What is needed: In the data that follows, count the lines where "open" appears, and write only the number.

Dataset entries
[Start of section]
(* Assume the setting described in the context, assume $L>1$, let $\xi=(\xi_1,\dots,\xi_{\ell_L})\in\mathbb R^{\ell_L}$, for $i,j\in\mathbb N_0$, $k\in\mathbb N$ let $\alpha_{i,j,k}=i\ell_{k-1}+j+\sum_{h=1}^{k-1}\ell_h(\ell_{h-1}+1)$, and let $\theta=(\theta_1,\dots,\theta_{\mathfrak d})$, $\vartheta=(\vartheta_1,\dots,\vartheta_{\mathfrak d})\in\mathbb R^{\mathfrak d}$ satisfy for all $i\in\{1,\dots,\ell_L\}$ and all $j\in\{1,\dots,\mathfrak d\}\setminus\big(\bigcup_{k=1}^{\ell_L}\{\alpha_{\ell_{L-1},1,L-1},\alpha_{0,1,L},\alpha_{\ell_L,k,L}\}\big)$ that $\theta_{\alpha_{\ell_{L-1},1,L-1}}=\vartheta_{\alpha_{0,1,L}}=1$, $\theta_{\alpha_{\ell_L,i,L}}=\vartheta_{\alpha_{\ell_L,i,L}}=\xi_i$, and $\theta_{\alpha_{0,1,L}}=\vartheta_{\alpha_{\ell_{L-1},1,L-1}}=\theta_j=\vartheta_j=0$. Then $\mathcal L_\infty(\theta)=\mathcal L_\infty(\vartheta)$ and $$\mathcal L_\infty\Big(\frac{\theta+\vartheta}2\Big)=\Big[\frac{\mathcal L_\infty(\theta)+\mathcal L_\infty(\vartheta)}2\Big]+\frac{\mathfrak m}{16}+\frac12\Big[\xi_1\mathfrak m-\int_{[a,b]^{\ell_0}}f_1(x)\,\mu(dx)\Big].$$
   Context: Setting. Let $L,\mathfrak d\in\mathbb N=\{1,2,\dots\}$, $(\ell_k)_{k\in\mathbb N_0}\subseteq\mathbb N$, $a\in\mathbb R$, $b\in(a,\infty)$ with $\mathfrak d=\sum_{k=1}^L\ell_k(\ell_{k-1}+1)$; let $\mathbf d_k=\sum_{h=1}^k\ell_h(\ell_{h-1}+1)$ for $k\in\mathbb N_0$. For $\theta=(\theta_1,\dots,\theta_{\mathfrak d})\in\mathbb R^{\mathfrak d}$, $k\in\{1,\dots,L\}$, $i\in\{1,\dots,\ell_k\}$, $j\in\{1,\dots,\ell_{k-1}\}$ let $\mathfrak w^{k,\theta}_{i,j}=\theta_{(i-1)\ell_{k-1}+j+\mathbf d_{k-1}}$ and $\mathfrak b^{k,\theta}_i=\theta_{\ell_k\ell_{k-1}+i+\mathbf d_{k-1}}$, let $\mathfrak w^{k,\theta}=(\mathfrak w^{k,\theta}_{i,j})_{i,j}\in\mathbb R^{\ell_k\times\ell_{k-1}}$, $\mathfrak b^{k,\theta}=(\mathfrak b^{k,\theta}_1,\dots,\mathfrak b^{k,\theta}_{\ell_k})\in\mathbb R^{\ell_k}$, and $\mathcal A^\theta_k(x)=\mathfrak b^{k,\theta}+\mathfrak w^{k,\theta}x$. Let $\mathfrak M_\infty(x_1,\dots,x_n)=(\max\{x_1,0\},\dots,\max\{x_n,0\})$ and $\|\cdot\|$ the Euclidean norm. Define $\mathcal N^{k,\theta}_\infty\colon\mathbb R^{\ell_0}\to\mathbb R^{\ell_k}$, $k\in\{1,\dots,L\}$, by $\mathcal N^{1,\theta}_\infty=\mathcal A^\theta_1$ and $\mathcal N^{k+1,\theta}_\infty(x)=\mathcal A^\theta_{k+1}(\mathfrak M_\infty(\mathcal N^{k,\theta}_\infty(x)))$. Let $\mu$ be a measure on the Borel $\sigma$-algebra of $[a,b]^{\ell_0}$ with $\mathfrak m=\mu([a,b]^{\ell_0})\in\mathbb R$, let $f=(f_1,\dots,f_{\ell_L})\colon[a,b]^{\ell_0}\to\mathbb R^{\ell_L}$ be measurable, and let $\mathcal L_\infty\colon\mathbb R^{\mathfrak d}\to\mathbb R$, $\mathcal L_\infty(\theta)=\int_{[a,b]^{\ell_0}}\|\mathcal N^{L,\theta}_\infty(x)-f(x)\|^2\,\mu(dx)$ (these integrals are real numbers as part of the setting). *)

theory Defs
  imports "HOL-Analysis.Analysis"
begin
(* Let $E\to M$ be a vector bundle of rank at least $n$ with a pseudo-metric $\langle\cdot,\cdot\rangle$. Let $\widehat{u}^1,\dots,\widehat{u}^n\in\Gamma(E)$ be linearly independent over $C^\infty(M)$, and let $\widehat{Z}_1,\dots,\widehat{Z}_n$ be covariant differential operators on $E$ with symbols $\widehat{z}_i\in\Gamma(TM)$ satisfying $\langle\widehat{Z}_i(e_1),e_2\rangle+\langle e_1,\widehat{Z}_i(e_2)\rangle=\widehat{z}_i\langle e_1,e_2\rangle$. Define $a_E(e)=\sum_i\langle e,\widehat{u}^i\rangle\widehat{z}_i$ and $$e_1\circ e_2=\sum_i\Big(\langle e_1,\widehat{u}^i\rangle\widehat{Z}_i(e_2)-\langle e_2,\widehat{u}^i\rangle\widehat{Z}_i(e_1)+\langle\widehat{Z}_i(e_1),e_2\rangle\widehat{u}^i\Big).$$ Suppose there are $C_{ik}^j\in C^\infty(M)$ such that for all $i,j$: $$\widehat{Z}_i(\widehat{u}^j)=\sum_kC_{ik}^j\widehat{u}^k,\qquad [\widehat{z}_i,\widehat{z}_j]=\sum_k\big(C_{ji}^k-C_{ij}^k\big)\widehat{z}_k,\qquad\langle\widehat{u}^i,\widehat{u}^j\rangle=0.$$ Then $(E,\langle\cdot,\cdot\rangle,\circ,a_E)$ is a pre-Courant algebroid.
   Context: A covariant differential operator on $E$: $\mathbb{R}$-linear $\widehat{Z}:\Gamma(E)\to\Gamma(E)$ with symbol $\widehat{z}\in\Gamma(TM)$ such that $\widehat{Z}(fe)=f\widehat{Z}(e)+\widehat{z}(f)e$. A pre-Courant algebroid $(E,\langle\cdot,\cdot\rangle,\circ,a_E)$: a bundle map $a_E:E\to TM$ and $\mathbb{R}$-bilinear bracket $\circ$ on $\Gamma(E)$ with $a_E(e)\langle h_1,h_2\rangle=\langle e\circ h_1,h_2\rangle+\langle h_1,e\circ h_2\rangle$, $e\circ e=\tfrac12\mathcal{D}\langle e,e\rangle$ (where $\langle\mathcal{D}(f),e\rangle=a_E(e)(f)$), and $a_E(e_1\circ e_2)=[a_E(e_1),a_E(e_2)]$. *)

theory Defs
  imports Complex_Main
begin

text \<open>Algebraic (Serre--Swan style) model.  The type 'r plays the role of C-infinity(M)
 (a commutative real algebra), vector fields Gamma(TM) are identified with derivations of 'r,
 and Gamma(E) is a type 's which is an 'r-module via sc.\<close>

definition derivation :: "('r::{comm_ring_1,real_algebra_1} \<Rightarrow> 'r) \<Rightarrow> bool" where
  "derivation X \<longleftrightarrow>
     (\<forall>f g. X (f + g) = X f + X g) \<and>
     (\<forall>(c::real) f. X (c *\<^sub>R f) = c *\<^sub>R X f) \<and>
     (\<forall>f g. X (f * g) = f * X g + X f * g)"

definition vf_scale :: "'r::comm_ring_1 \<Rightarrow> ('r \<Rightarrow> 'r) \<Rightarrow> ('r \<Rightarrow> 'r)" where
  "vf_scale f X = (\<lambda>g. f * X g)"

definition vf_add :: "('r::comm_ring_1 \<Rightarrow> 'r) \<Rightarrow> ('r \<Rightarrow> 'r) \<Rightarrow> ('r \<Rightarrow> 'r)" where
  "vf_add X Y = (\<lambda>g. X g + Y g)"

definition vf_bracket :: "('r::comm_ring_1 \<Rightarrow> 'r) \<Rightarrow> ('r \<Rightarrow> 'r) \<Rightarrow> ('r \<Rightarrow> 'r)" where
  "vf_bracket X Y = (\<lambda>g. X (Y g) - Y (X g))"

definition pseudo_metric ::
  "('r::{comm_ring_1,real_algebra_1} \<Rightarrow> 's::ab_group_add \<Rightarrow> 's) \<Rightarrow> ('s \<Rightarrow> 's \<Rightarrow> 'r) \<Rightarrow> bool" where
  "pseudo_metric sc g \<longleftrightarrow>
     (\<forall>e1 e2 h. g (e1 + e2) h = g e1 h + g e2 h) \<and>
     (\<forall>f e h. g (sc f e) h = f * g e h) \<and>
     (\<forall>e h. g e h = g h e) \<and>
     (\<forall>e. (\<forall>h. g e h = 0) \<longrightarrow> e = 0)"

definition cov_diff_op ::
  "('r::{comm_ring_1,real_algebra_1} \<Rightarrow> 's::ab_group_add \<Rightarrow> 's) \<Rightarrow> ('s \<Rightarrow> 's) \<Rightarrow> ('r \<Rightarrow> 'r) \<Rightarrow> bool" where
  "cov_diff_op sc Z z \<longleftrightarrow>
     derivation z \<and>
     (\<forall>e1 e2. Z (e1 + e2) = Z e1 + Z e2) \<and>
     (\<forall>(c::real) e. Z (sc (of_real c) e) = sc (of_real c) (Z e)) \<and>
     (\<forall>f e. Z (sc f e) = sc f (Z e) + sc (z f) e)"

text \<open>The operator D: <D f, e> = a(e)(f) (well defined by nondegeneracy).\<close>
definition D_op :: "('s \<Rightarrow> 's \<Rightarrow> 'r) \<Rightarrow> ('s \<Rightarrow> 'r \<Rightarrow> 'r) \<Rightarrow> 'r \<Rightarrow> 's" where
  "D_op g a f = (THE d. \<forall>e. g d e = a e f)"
[End of section]
Problem solution: 2